To do | When you reach the line with "set \<Rightarrow> nat \<Rightarrow> nat \<Rightarrow> nat" in the data below, begin printing lines exactly, and stop once the line with "C W ((a, b) # rest)" has been printed.

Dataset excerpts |
**********

(* There exist a polynomial $p$ and a constant $c>0$ such that for every integer $k\geq 1$ there exist an approval election $E=(N,C,(A_v)_{v\in N},k)$ with $|N|\le p(k)$ voters, a committee $W_0\subseteq C$ with $|W_0|=k$, and a valid sequence of swaps $(a_1,b_1),\dots,(a_s,b_s)$ starting from $W_0$ with $s\ge c\,k^{\log k}$ (i.e., of length $\Omega(k^{\log k})$) such that every swap in the sequence strictly increases the PAV score, i.e., $\Delta(W_{t-1},a_t,b_t)>0$ for all $t\in[s]$.
   Context: An approval election is a tuple $E=(N,C,(A_v)_{v\in N},k)$ where $N=[n]$ is a set of voters, $C$ is a finite set of candidates, $A_v\subseteq C$ is the approval ballot of voter $v$, and $k\in[|C|]$ is the target committee size. A committee is a subset of $C$. The PAV score of a committee $W$ is $\textsc{pavsc}(W)=\sum_{v\in N}\sum_{j=1}^{|A_v\cap W|}\frac{1}{j}$. For $a\in W$, $b\notin W$, let $\Delta(W,a,b)=\textsc{pavsc}((W\setminus\{a\})\cup\{b\})-\textsc{pavsc}(W)$. A sequence of swaps $(a_1,b_1),\dots,(a_s,b_s)$ is valid starting from $W_0$ if, setting $W_t=(W_{t-1}\cup\{b_t\})\setminus\{a_t\}$, we have $a_t\in W_{t-1}$ and $b_t\notin W_{t-1}$ for every $t\in[s]$. Here $\log$ denotes the base-2 logarithm. *)

theory Defs
  imports Complex_Main "HOL-Computational_Algebra.Polynomial"
begin

definition is_election :: "nat \<Rightarrow> nat set \<Rightarrow> (nat \<Rightarrow> nat set) \<Rightarrow> nat \<Rightarrow> bool" where
  "is_election n C A k \<longleftrightarrow> finite C \<and> (\<forall>v\<in>{1..n}. A v \<subseteq> C) \<and> 1 \<le> k \<and> k \<le> card C"

definition pavsc :: "nat \<Rightarrow> (nat \<Rightarrow> nat set) \<Rightarrow> nat set \<Rightarrow> real" where
  "pavsc n A W = (\<Sum>v\<in>{1..n}. \<Sum>j=1..card (A v \<inter> W). 1 / real j)"

definition swap :: "nat set \<Rightarrow> nat \<Rightarrow> nat \<Rightarrow> nat set" where
  "swap W a b = (W \<union> {b}) - {a}"

definition pav_delta :: "nat \<Rightarrow> (nat \<Rightarrow> nat set) \<Rightarrow> nat set \<Rightarrow> nat \<Rightarrow> nat \<Rightarrow> real" where
  "pav_delta n A W a b = pavsc n A (swap W a b) - pavsc n A W"

fun valid_swaps :: "nat set \<Rightarrow> nat set \<Rightarrow> (nat \<times> nat) list \<Rightarrow> bool" where
  "valid_swaps C W [] = True"
| "valid_swaps C W ((a, b) # rest) =
     (a \<in> W \<and> b \<in> C \<and> b \<notin> W \<and> valid_swaps C (swap W a b) rest)"

fun improving_swaps :: "nat \<Rightarrow> (nat \<Rightarrow> nat set) \<Rightarrow> nat set \<Rightarrow> (nat \<times> nat) list \<Rightarrow> bool" where
  "improving_swaps n A W [] = True"
| "improving_swaps n A W ((a, b) # rest) =
     (pav_delta n A W a b > 0 \<and> improving_swaps n A (swap W a b) rest)"

end

theory Submission
  imports Defs "HOL-Library.Discrete_Functions"
begin

(* All committees consist of the core {1..<k} plus one slot candidate k + t. A voter approving
   y - 1 core members and some slots gains 1/y exactly when one of its slots is in the committee, so along
   the swaps t -> t + 1 the PAV score is, up to a constant, the slot utility: the sum of 1/y over the
   voters approving slot t. It therefore suffices to find few voters with weights y <= k whose
   utility increases strictly over many slots.
   Write t in base R with M digits. The d-th difference d!/(x(x+1)...(x+d)) of 1/x is a signed sum
   of 2^d reciprocals 1/y with x <= y <= x + d; taking each term R - 1 times with thresholds on
   digit i lets digit i contribute its value times the (M-1-i)-th difference. For x = R M consecutive
   differences shrink by a factor of at least R, so the utility is lexicographic in the digits and
   increases over all R^M slots. With R = 2^h, M = 4h and 4^h close to k this gives O(k^3) voters
   and 2^(4h^2) >= k^(log k) swaps. *)

section \<open>Improving swap sequences from slot utilities\<close>

definition pav_improving_run :: "nat \<Rightarrow> nat \<Rightarrow> nat \<Rightarrow> bool" where
  "pav_improving_run k n s \<longleftrightarrow> (\<exists>C A W0 sw. is_election n C A k \<and> W0 \<subseteq> C \<and> card W0 = k \<and>
     valid_swaps C W0 sw \<and> improving_swaps n A W0 sw \<and> length sw = s)"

**********

Task solution |
definition swap :: "nat set \<Rightarrow> nat \<Rightarrow> nat \<Rightarrow> nat set" where
  "swap W a b = (W \<union> {b}) - {a}"

definition pav_delta :: "nat \<Rightarrow> (nat \<Rightarrow> nat set) \<Rightarrow> nat set \<Rightarrow> nat \<Rightarrow> nat \<Rightarrow> real" where
  "pav_delta n A W a b = pavsc n A (swap W a b) - pavsc n A W"

fun valid_swaps :: "nat set \<Rightarrow> nat set \<Rightarrow> (nat \<times> nat) list \<Rightarrow> bool" where
  "valid_swaps C W [] = True"
| "valid_swaps C W ((a, b) # rest) =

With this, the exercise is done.